> [TASK OBJECTIVE]: Only these lines of the data below are wanted: the one with "show ?thesis unfolding ratio_eq", the one with "J c0) < exp", and any lines between them, each repeated exactly.

==== EXCERPTED DATA

lemma Phi_window_ratio_bounds:
  fixes \<tau> x :: real
  assumes tau: "\<tau> > 0" and x: "x > 0"
  shows "exp (- x / \<tau>\<^sup>2) < (Phi ((x+1)/\<tau>) - Phi (x/\<tau>)) / (Phi (x/\<tau>) - Phi ((x-1)/\<tau>))
       \<and> (Phi ((x+1)/\<tau>) - Phi (x/\<tau>)) / (Phi (x/\<tau>) - Phi ((x-1)/\<tau>))
           < exp (- (1 - 1 / (12 * \<tau>\<^sup>2)) * x / \<tau>\<^sup>2)"
proof -
  define J where "J = gauss_cosh_integral \<tau>"
  define c1 where "c1 = x + 1/2"
  define c0 where "c0 = x - 1/2"
  have J_pos: "J c > 0" for c unfolding J_def using gauss_cosh_integral_pos[OF tau] .
  have upper_window: "Phi ((x+1)/\<tau>) - Phi (x/\<tau>) = 2 / (sqrt (2*pi) * \<tau>) * exp (-(c1\<^sup>2)/(2*\<tau>\<^sup>2)) * J c1"
    using Phi_window_eq[OF tau, of c1] unfolding c1_def J_def by (simp add: add.assoc)
  have lower_window: "Phi (x/\<tau>) - Phi ((x-1)/\<tau>) = 2 / (sqrt (2*pi) * \<tau>) * exp (-(c0\<^sup>2)/(2*\<tau>\<^sup>2)) * J c0"
    using Phi_window_eq[OF tau, of c0] unfolding c0_def J_def by (simp add: algebra_simps)
  have "exp (-(c1\<^sup>2)/(2*\<tau>\<^sup>2)) = exp (-(c0\<^sup>2)/(2*\<tau>\<^sup>2)) * exp (- x / \<tau>\<^sup>2)"
    unfolding exp_add[symmetric] c1_def c0_def using tau
    by (intro arg_cong[where f=exp]) (simp add: field_simps power2_eq_square)
  then have ratio_eq: "(Phi ((x+1)/\<tau>) - Phi (x/\<tau>)) / (Phi (x/\<tau>) - Phi ((x-1)/\<tau>))
      = exp (- x / \<tau>\<^sup>2) * (J c1 / J c0)"
    unfolding upper_window lower_window using tau J_pos[of c0] by (simp add: field_simps)
  have c0_c1: "\<bar>c0\<bar> < c1" unfolding c0_def c1_def using x by auto
  have lower: "1 < J c1 / J c0"
    using gauss_cosh_integral_abs_strict_mono[OF tau c0_c1] J_pos[of c0] unfolding J_def by simp
  have "J c1 * exp (-(c1\<^sup>2)/(24*\<tau>^4)) < J c0 * exp (-(c0\<^sup>2)/(24*\<tau>^4))"
    using gauss_cosh_integral_damped_strict_antimono[OF tau _ c0_c1]
    unfolding J_def by (simp add: gauss_cosh_integral_abs)
  moreover have "exp (-(c0\<^sup>2)/(24*\<tau>^4)) = exp (-(c1\<^sup>2)/(24*\<tau>^4)) * exp (x / (12*\<tau>^4))"
    unfolding exp_add[symmetric] c1_def c0_def using tau
    by (intro arg_cong[where f=exp]) (simp add: field_simps power2_eq_square)
  ultimately have upper: "J c1 / J c0 < exp (x / (12*\<tau>^4))"
    using J_pos[of c0] by (simp add: field_simps)
  have exp_combined: "exp (- x / \<tau>\<^sup>2) * exp (x / (12*\<tau>^4)) = exp (- (1 - 1 / (12 * \<tau>\<^sup>2)) * x / \<tau>\<^sup>2)"
    unfolding exp_add[symmetric] using tau
    by (intro arg_cong[where f=exp]) (simp add: field_simps eval_nat_numeral)
  show ?thesis unfolding ratio_eq
  proof
    show "exp (- x / \<tau>\<^sup>2) < exp (- x / \<tau>\<^sup>2) * (J c1 / J c0)"
      using mult_strict_left_mono[OF lower, of "exp (- x / \<tau>\<^sup>2)"] by simp
    show "exp (- x / \<tau>\<^sup>2) * (J c1 / J c0) < exp (- (1 - 1 / (12 * \<tau>\<^sup>2)) * x / \<tau>\<^sup>2)"
      using mult_strict_left_mono[OF upper, of "exp (- x / \<tau>\<^sup>2)"] exp_combined by simp
  qed
qed

lemma hyper_law_point_mass:
  assumes "m \<le> r + b" "r + b \<le> 1"
  shows "hyper_law m r b = (\<lambda>x. if x = real (min m r) then 1 else 0)"
proof
  fix x :: real
  have int01: "x = 0 \<or> x = 1" if "x \<in> \<int>" "0 \<le> x" "x \<le> 1"
    using that by (auto elim!: Ints_cases)
  consider "m = 0" | "m = 1" "r = 1" "b = 0" | "m = 1" "r = 0" "b = 1"
    using assms by linarith
  then show "hyper_law m r b x = (if x = real (min m r) then 1 else 0)"
    by cases (auto simp: hyper_law_def dest: int01)
qed

lemma law_var_point_mass: "law_var (\<lambda>x. if x = k then 1 else 0) = 0"
proof -
  have "law_mean (\<lambda>x. if x = k then 1 else 0) = k"
    unfolding law_mean_def by (subst infsum_cong_neutral[where T="{k}"]) auto
  then show ?thesis unfolding law_var_def by (intro infsum_0) auto
qed

lemma sigma0_pos:
  assumes law: "(N = \<infinity> \<and> (\<exists>m p. 0 \<le> p \<and> p \<le> 1 \<and> P = binom_law m p))
              \<or> (\<exists>m r b. m \<le> r + b \<and> N = enat (r + b) \<and> P = hyper_law m r b)"
    and var: "law_var P = \<sigma>\<^sup>2" and sigma: "\<sigma> > 0"
  shows "sigma0 N \<sigma> > 0"
proof (cases N)
  case infinity
  then show ?thesis using sigma by (simp add: sigma0_def)
next
  case (enat k)
  then obtain m r b where mrb: "m \<le> r + b" "k = r + b" "P = hyper_law m r b"
    using law by auto
  show ?thesis
  proof (cases "k \<ge> 2")
    case True
    then show ?thesis using enat sigma by (simp add: sigma0_def)
  next
    case False
    then have "law_var P = 0"
      using mrb hyper_law_point_mass[of m r b] law_var_point_mass by simp
    then show ?thesis using var sigma by simp
  qed
qed

theorem lemma4p1:
  fixes P :: "real \<Rightarrow> real" and N :: enat and n \<sigma> \<tau> s :: real
  assumes law: "(N = \<infinity> \<and> (\<exists>m p. 0 \<le> p \<and> p \<le> 1 \<and> P = binom_law m p))
              \<or> (\<exists>m r b. m \<le> r + b \<and> N = enat (r + b) \<and> P = hyper_law m r b)"
    and sym: "sym_about_mean P"
    and mean: "law_mean P = n / 2"
    and sigma_pos: "\<sigma> > 0"
    and var: "law_var P = \<sigma>\<^sup>2"
    and tau: "sigma0 N \<sigma> \<le> \<tau>" "\<tau> \<le> \<sigma>"
    and s: "s > n / 2"
  shows "exp (- (s - n / 2) / \<tau>\<^sup>2) < gg n \<tau> (s + 1) / gg n \<tau> s
       \<and> gg n \<tau> (s + 1) / gg n \<tau> s < exp (- (1 - 1 / (12 * \<tau>\<^sup>2)) * (s - n / 2) / \<tau>\<^sup>2)"
proof -
  have "\<tau> > 0" using sigma0_pos[OF law var sigma_pos] tau(1) by linarith
  moreover have "s - n/2 > 0" using s by simp
  moreover have "gg n \<tau> (s + 1) = Phi ((s - n/2 + 1)/\<tau>) - Phi ((s - n/2)/\<tau>)"
    and "gg n \<tau> s = Phi ((s - n/2)/\<tau>) - Phi ((s - n/2 - 1)/\<tau>)"
    unfolding gg_def GG_def by (simp_all add: algebra_simps)
  ultimately show ?thesis using Phi_window_ratio_bounds by presburger
qed
lemma is_qi_comp:
  assumes "is_qi f" "is_qi g"
  shows "is_qi (f \<circ> g)"
proof -
  obtain \<mu>1 \<delta>1 M1 where \<mu>1: "\<mu>1 \<ge> 1" "\<delta>1 > 0" "M1 > 0" and f0: "\<And>x. x \<ge> 0 \<Longrightarrow> f x \<ge> 0"
    and lo1: "\<And>x y. x \<ge> 0 \<Longrightarrow> y \<ge> 0 \<Longrightarrow> dist x y / \<mu>1 - \<delta>1 \<le> dist (f x) (f y)"
    and up1: "\<And>x y. x \<ge> 0 \<Longrightarrow> y \<ge> 0 \<Longrightarrow> dist (f x) (f y) \<le> \<mu>1 * dist x y + \<delta>1"
    and su1: "\<And>y. y \<ge> 0 \<Longrightarrow> \<exists>x\<ge>0. dist y (f x) \<le> M1"
    using is_qiE[OF assms(1)] by metis
  obtain \<mu>2 \<delta>2 M2 where \<mu>2: "\<mu>2 \<ge> 1" "\<delta>2 > 0" "M2 > 0" and g0: "\<And>x. x \<ge> 0 \<Longrightarrow> g x \<ge> 0"
    and lo2: "\<And>x y. x \<ge> 0 \<Longrightarrow> y \<ge> 0 \<Longrightarrow> dist x y / \<mu>2 - \<delta>2 \<le> dist (g x) (g y)"
    and up2: "\<And>x y. x \<ge> 0 \<Longrightarrow> y \<ge> 0 \<Longrightarrow> dist (g x) (g y) \<le> \<mu>2 * dist x y + \<delta>2"
    and su2: "\<And>y. y \<ge> 0 \<Longrightarrow> \<exists>x\<ge>0. dist y (g x) \<le> M2"
    using is_qiE[OF assms(2)] by metis
  note bounds = qi_embedding_comp[of \<mu>1 \<mu>2 \<delta>2 g, OF \<mu>1(1) \<mu>2(1) _ g0 lo1 up1 lo2 up2]
  show ?thesis
  proof (rule is_qiI[of _ "\<mu>1 * \<mu>2" "\<mu>1 * \<delta>2 + \<delta>1" "M1 + \<mu>1 * M2 + \<delta>1"])
    fix y :: real assume "y \<ge> 0"
    then obtain x where x: "x \<ge> 0" "dist y (f x) \<le> M1" using su1 by blast
    then obtain z where z: "z \<ge> 0" "dist x (g z) \<le> M2" using su2 by blast
    have "dist (f x) (f (g z)) \<le> \<mu>1 * M2 + \<delta>1"
      using up1[OF x(1) g0[OF z(1)]] z(2) \<mu>1 by (smt (verit) mult_left_mono)
    then have "dist y (f (g z)) \<le> M1 + \<mu>1 * M2 + \<delta>1"
      using x(2) dist_triangle[of y "f (g z)" "f x"] by linarith
    with z(1) show "\<exists>x\<ge>0. dist y ((f \<circ> g) x) \<le> M1 + \<mu>1 * M2 + \<delta>1"
      by auto
  next
    show "1 \<le> \<mu>1 * \<mu>2" using \<mu>1 \<mu>2 mult_mono[of 1 \<mu>1 1 \<mu>2] by simp
    show "rplus_map (f \<circ> g)" using f0 g0 by (simp add: rplus_map_def)
    show "0 < \<mu>1 * \<delta>2 + \<delta>1" using \<mu>1 \<mu>2 by (intro add_pos_pos mult_pos_pos) auto
    show "0 < M1 + \<mu>1 * M2 + \<delta>1" using \<mu>1 \<mu>2 by (intro add_pos_pos mult_pos_pos) auto
  qed (use bounds \<mu>2 in auto)
qed
text \<open>The compact line K is modelled as a type 'a of class linorder_topology with
  compact UNIV; then min K exists and [min K, t] = {..t}.\<close>

definition ord_convex :: "'a::linorder set \<Rightarrow> bool" where
  "ord_convex J \<longleftrightarrow> (\<forall>t\<in>J. \<forall>s\<in>J. t \<le> s \<longrightarrow> {t..s} \<subseteq> J)"

definition right_continuous :: "('a::linorder_topology \<Rightarrow> real) \<Rightarrow> bool" where
  "right_continuous F \<longleftrightarrow> (\<forall>t. continuous (at_right t) F)"

definition bounded_variation :: "('a::linorder \<Rightarrow> real) \<Rightarrow> bool" where
  "bounded_variation F \<longleftrightarrow> (\<exists>B. \<forall>(n::nat) (t::nat \<Rightarrow> 'a).
      (\<forall>k<n. t k \<le> t (Suc k)) \<longrightarrow> (\<Sum>k<n. \<bar>F (t (Suc k)) - F (t k)\<bar>) \<le> B)"

definition NBV :: "('a::linorder_topology \<Rightarrow> real) set" where
  "NBV = {F. right_continuous F \<and> bounded_variation F}"

definition regular_borel_measure :: "'a::topological_space measure \<Rightarrow> bool" where
  "regular_borel_measure M \<longleftrightarrow> finite_measure M \<and> sets M = sets borel \<and>
     (\<forall>B\<in>sets M.
        measure M B = (SUP C\<in>{C. compact C \<and> C \<subseteq> B}. measure M C) \<and>
        measure M B = (INF U\<in>{U. open U \<and> B \<subseteq> U}. measure M U))"

text \<open>A finite signed regular Borel measure mu is represented by its Jordan
  decomposition (mu+, mu-): two finite regular Borel measures that are mutually singular.\<close>
type_synonym 'a smeasure = "'a measure \<times> 'a measure"

definition signed_regular_measure :: "'a::topological_space smeasure \<Rightarrow> bool" where
  "signed_regular_measure \<mu> \<longleftrightarrow> regular_borel_measure (fst \<mu>) \<and> regular_borel_measure (snd \<mu>) \<and>
     (\<exists>A\<in>sets borel. measure (fst \<mu>) (- A) = 0 \<and> measure (snd \<mu>) A = 0)"

definition smeasure_of :: "'a smeasure \<Rightarrow> 'a set \<Rightarrow> real" where
  "smeasure_of \<mu> B = measure (fst \<mu>) B - measure (snd \<mu>) B"
text \<open>The sum of the beads is the size of the partition plus a constant, so moving a bead
  from x to y removes x - y cells.\<close>

lemma card_diagram_diff_beads:
  assumes lam: "partition lam" "length lam \<le> L" and mu: "partition mu" "length mu \<le> L"
    and sub: "diagram mu \<subseteq> diagram lam"
    and x: "x \<in> beads L (part lam)" and y: "y \<notin> beads L (part lam)"
    and eq: "beads L (part mu) = insert y (beads L (part lam) - {x})"
  shows "card (diagram lam - diagram mu) + y = x"
proof -
  have fin: "finite (diagram lam)" by simp
  have sums: "\<Sum>(beads L (part nu)) = card (diagram nu) + (\<Sum>r<L. L - 1 - r)"
    if "partition nu" "length nu \<le> L" for nu
    using sum_beads[OF antimono_part[OF that(1)]] card_diagram[OF that(2)] by simp
  have "\<Sum>(beads L (part mu)) + x = \<Sum>(beads L (part lam)) + y"
    using x y unfolding eq by (simp add: sum.remove)
  moreover have "card (diagram mu) \<le> card (diagram lam)" using sub fin by (rule card_mono[rotated])
  ultimately show ?thesis
    using sums[OF lam] sums[OF mu] card_Diff_subset[OF finite_subset[OF sub fin] sub] by simp
qed
(* Let $N\in\mathbb N$, $\Sigma_N=\{1,\ldots,N\}^{\mathbb Z}$ with the shift $\sigma$, $I=[0,1]$, and let $f_1,\ldots,f_N\colon I\to f_i(I)\subset I$ be $C^1$-diffeomorphisms onto their images. Let $F\colon\Sigma_N\times I\to\Sigma_N\times I$, $F(\xi,p)=(\sigma(\xi),f_{\xi_0}(p))$, and let $\Lambda=\bigcap_{n\ge0}F^n(\Sigma_N\times I)$. Then for every $F$-invariant hyperbolic set $H\subset\Lambda$ there exists $M\ge1$ such that $\#H_\xi\le M$ for all $\xi\in\Sigma_N$, where $H_\xi:=\Pi_2(H\cap(\{\xi\}\times I))$.
   Context: $\Pi_2\colon\Sigma_N\times I\to I$ is the projection onto the second coordinate. For $k\le m$ write $f_{\xi_k\ldots\xi_m}:=f_{\xi_m}\circ\cdots\circ f_{\xi_k}$. On $\Lambda$ the map $F$ is invertible, with $F^{-1}(\xi,p)=(\sigma^{-1}(\xi),f_{\xi_{-1}}^{-1}(p))$. A set $H\subset\Lambda$ is hyperbolic with fiber contraction if there are $c>0$ and $0<\lambda<1$ with $|(f_{\xi_0\ldots\xi_{n-1}})'(p)|\le c\lambda^n$ for all $n\ge1$ and all $(\xi,p)\in H$. It is hyperbolic with fiber expansion if it is hyperbolic with fiber contraction with respect to $F^{-1}$, i.e. the analogous bound holds for the derivatives of the fiber components of $F^{-n}$ restricted to $\Lambda$. $H$ is hyperbolic if it is hyperbolic with fiber contraction or with fiber expansion. *)

theory Defs
  imports "HOL-Analysis.Analysis"
begin

abbreviation unitI :: "real set" where "unitI \<equiv> {0..1}"

definition SigmaN :: "nat \<Rightarrow> (int \<Rightarrow> nat) set" where
  "SigmaN N = {\<xi>. \<forall>k. \<xi> k \<in> {1..N}}"

definition shift :: "(int \<Rightarrow> nat) \<Rightarrow> (int \<Rightarrow> nat)" where
  "shift \<xi> = (\<lambda>k. \<xi> (k + 1))"

definition shift_inv :: "(int \<Rightarrow> nat) \<Rightarrow> (int \<Rightarrow> nat)" where
  "shift_inv \<xi> = (\<lambda>k. \<xi> (k - 1))"

text \<open>f is a C^1-diffeomorphism from I onto its image f(I), with f(I) a subset of I
  (one-sided derivatives at the endpoints; the derivative is continuous and nonvanishing,
  so the inverse is C^1 as well).\<close>
definition C1_diffeo_into_I :: "(real \<Rightarrow> real) \<Rightarrow> bool" where
  "C1_diffeo_into_I f \<longleftrightarrow>
     f ` unitI \<subseteq> unitI \<and> inj_on f unitI \<and>
     (\<exists>f'. (\<forall>x\<in>unitI. (f has_real_derivative f' x) (at x within unitI)) \<and>
           continuous_on unitI f' \<and> (\<forall>x\<in>unitI. f' x \<noteq> 0))"

definition skewF :: "(nat \<Rightarrow> real \<Rightarrow> real) \<Rightarrow> (int \<Rightarrow> nat) \<times> real \<Rightarrow> (int \<Rightarrow> nat) \<times> real" where
  "skewF f = (\<lambda>(\<xi>, p). (shift \<xi>, f (\<xi> 0) p))"

definition skewF_inv :: "(nat \<Rightarrow> real \<Rightarrow> real) \<Rightarrow> (int \<Rightarrow> nat) \<times> real \<Rightarrow> (int \<Rightarrow> nat) \<times> real" where
  "skewF_inv f = (\<lambda>(\<xi>, p). (shift_inv \<xi>, the_inv_into unitI (f (\<xi> (-1))) p))"

definition LambdaSet :: "nat \<Rightarrow> (nat \<Rightarrow> real \<Rightarrow> real) \<Rightarrow> ((int \<Rightarrow> nat) \<times> real) set" where
  "LambdaSet N f = (\<Inter>n. (skewF f ^^ n) ` (SigmaN N \<times> unitI))"

text \<open>Hyperbolic with fiber contraction: |(f_{xi_0...xi_{n-1}})'(p)| <= c lambda^n, where
  f_{xi_0...xi_{n-1}} = f_{xi_{n-1}} o ... o f_{xi_0} is the fiber component of F^n
  (derivative taken on I).\<close>
definition hyp_fiber_contraction :: "(nat \<Rightarrow> real \<Rightarrow> real) \<Rightarrow> ((int \<Rightarrow> nat) \<times> real) set \<Rightarrow> bool" where
  "hyp_fiber_contraction f H \<longleftrightarrow>
     (\<exists>c lam. c > 0 \<and> 0 < lam \<and> lam < 1 \<and>
       (\<forall>n\<ge>1. \<forall>(\<xi>, p)\<in>H.
          \<bar>vector_derivative (\<lambda>q. snd ((skewF f ^^ n) (\<xi>, q))) (at p within unitI)\<bar> \<le> c * lam ^ n))"

text \<open>For fixed xi, the fiber component of F^{-n} is
  q \<mapsto> f_{xi_{-n}}^{-1} o ... o f_{xi_{-1}}^{-1} (q), defined on the image
  f_{xi_{-n}...xi_{-1}}(I) = fiber component of F^n over sigma^{-n} xi applied to I;
  the derivative is taken within that interval.\<close>
definition hyp_fiber_expansion :: "(nat \<Rightarrow> real \<Rightarrow> real) \<Rightarrow> ((int \<Rightarrow> nat) \<times> real) set \<Rightarrow> bool" where
  "hyp_fiber_expansion f H \<longleftrightarrow>
     (\<exists>c lam. c > 0 \<and> 0 < lam \<and> lam < 1 \<and>
       (\<forall>n\<ge>1. \<forall>(\<xi>, p)\<in>H.
          \<bar>vector_derivative (\<lambda>q. snd ((skewF_inv f ^^ n) (\<xi>, q)))
              (at p within ((\<lambda>q. snd ((skewF f ^^ n) ((shift_inv ^^ n) \<xi>, q))) ` unitI))\<bar>
            \<le> c * lam ^ n))"

definition hyperbolic_set :: "(nat \<Rightarrow> real \<Rightarrow> real) \<Rightarrow> ((int \<Rightarrow> nat) \<times> real) set \<Rightarrow> bool" where
  "hyperbolic_set f H \<longleftrightarrow> hyp_fiber_contraction f H \<or> hyp_fiber_expansion f H"

definition fiber :: "((int \<Rightarrow> nat) \<times> real) set \<Rightarrow> (int \<Rightarrow> nat) \<Rightarrow> real set" where
  "fiber H \<xi> = snd ` (H \<inter> ({\<xi>} \<times> unitI))"

end

(*
  Hyperbolicity gives an iterate F^m whose fiber maps f_{xi_0 ... xi_{m-1}} have derivative
  of modulus at most 1/4 on H (fiber contraction), or at least 4 (fiber expansion: the bound
  on the inverse branches inverts). Only finitely many such compositions occur, so their
  derivatives are uniformly equicontinuous, and there is a scale delta below which F^m halves
  distances between points of H in a common fiber (resp. at least doubles them, up to the
  scale delta, using monotonicity of the injective fiber maps).

  Given finitely many points of a fiber H_xi, pull them back far enough along F^m (using
  F(H) = H and injectivity of the shift) in the contracting case, or push them forward in
  the expanding case, until the resulting points of a common fiber are delta-separated.
  A delta-separated subset of [0,1] has at most floor(1/delta) + 1 points, a bound
  independent of xi.
*)
theory Submission
  imports Defs
begin

section \<open>Counting separated points in the fibers of a skew map\<close>

lemma card_le_if_separated_image:
  fixes g :: "'a \<Rightarrow> real"
  assumes "finite S" and "g ` S \<subseteq> unitI" and "\<delta> > 0"
    and sep: "\<And>s t. s \<in> S \<Longrightarrow> t \<in> S \<Longrightarrow> s \<noteq> t \<Longrightarrow> \<delta> \<le> \<bar>g s - g t\<bar>"
  shows "card S \<le> nat \<lfloor>1 / \<delta>\<rfloor> + 1"
proof -
  define box where "box s = nat \<lfloor>g s / \<delta>\<rfloor>" for s
  have "inj_on box S"
  proof (rule inj_onI, rule ccontr)
    fix s t assume st: "s \<in> S" "t \<in> S" "box s = box t" "s \<noteq> t"
    have "0 \<le> g s" "0 \<le> g t" using st assms(2) by auto
    with \<open>\<delta> > 0\<close> have "\<lfloor>g s / \<delta>\<rfloor> = \<lfloor>g t / \<delta>\<rfloor>"
      using st(3) by (simp add: box_def nat_eq_iff2)
    then have "\<bar>g s / \<delta> - g t / \<delta>\<bar> < 1" by linarith
    with \<open>\<delta> > 0\<close> have "\<bar>g s - g t\<bar> < \<delta>"
      by (simp add: diff_divide_distrib[symmetric] divide_less_eq)
    with sep st show False by force
  qed
  moreover have "box s \<in> {0..nat \<lfloor>1 / \<delta>\<rfloor>}" if "s \<in> S" for s
  proof -
    have "g s \<le> 1" using that assms(2) by auto
    with \<open>\<delta> > 0\<close> show ?thesis by (auto simp: box_def intro!: nat_mono floor_mono divide_right_mono)
  qed
  ultimately have "card S \<le> card {0..nat \<lfloor>1 / \<delta>\<rfloor>}"
    by (intro card_inj_on_le) auto
  then show ?thesis by simp
qed

lemma finite_set_min_gap:
  fixes S :: "real set"
  assumes "finite S"
  obtains d where "d > 0" and "\<And>s t. s \<in> S \<Longrightarrow> t \<in> S \<Longrightarrow> s \<noteq> t \<Longrightarrow> d \<le> \<bar>s - t\<bar>"
proof -
  let ?D = "(\<lambda>(s, t). \<bar>s - t\<bar>) ` {(s, t) \<in> S \<times> S. s \<noteq> t}"
  have "finite ?D"
    using assms by (auto intro: finite_subset[of _ "S \<times> S"])
  show ?thesis
  proof (cases "?D = {}")
    case True
    then show ?thesis by (intro that[of 1]) auto
  next
    case False
    with \<open>finite ?D\<close> show ?thesis
      by (intro that[of "Min ?D"]) (auto intro!: Min_le)
  qed
qed

lemma fst_funpow_skew:
  fixes T :: "'a \<times> 'b \<Rightarrow> 'a \<times> 'b"
  assumes "\<And>z. fst (T z) = \<phi> (fst z)"
  shows "fst ((T ^^ k) z) = (\<phi> ^^ k) (fst z)"
  by (induction k) (simp_all add: assms)

lemma funpow_contracts_fibers:
  fixes T :: "'a \<times> real \<Rightarrow> 'a \<times> real"
  assumes fst_T: "\<And>z. fst (T z) = \<phi> (fst z)" and "T ` H \<subseteq> H"
    and contr: "\<And>\<eta> x y. (\<eta>, x) \<in> H \<Longrightarrow> (\<eta>, y) \<in> H \<Longrightarrow> \<bar>x - y\<bar> < \<delta> \<Longrightarrow>
        \<bar>snd (T (\<eta>, x)) - snd (T (\<eta>, y))\<bar> \<le> \<bar>x - y\<bar> / 2"
    and "(\<eta>, x) \<in> H" "(\<eta>, y) \<in> H" "\<bar>x - y\<bar> < \<delta>"
  shows "\<bar>snd ((T ^^ k) (\<eta>, x)) - snd ((T ^^ k) (\<eta>, y))\<bar> \<le> \<bar>x - y\<bar> / 2 ^ k"
  using assms(4-6)
proof (induction k arbitrary: \<eta> x y)
  case (Suc k)
  let ?x = "snd (T (\<eta>, x))" and ?y = "snd (T (\<eta>, y))"
  have T_split: "T (\<eta>, v) = (\<phi> \<eta>, snd (T (\<eta>, v)))" for v
    using fst_T[of "(\<eta>, v)"] by (metis fst_conv prod.collapse)
  have step: "\<bar>?x - ?y\<bar> \<le> \<bar>x - y\<bar> / 2" using contr Suc.prems by blast
  have "(\<phi> \<eta>, ?x) \<in> H" "(\<phi> \<eta>, ?y) \<in> H"
    using Suc.prems(1,2) \<open>T ` H \<subseteq> H\<close> T_split by (metis image_subset_iff)+
  moreover have "\<bar>?x - ?y\<bar> < \<delta>" using step Suc.prems(3) by argo
  ultimately have "\<bar>snd ((T ^^ k) (\<phi> \<eta>, ?x)) - snd ((T ^^ k) (\<phi> \<eta>, ?y))\<bar> \<le> \<bar>?x - ?y\<bar> / 2 ^ k"
    by (rule Suc.IH)
  also have "\<dots> \<le> \<bar>x - y\<bar> / 2 ^ Suc k"
    using divide_right_mono[OF step, of "2 ^ k"] by simp
  finally show ?case by (simp only: funpow_Suc_right o_apply, subst (1 2) T_split)
qed simp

========

> [ANSWER TO THIS EXERCISE]:
  show ?thesis unfolding ratio_eq
  proof
    show "exp (- x / \<tau>\<^sup>2) < exp (- x / \<tau>\<^sup>2) * (J c1 / J c0)"
      using mult_strict_left_mono[OF lower, of "exp (- x / \<tau>\<^sup>2)"] by simp
    show "exp (- x / \<tau>\<^sup>2) * (J c1 / J c0) < exp (- (1 - 1 / (12 * \<tau>\<^sup>2)) * x / \<tau>\<^sup>2)"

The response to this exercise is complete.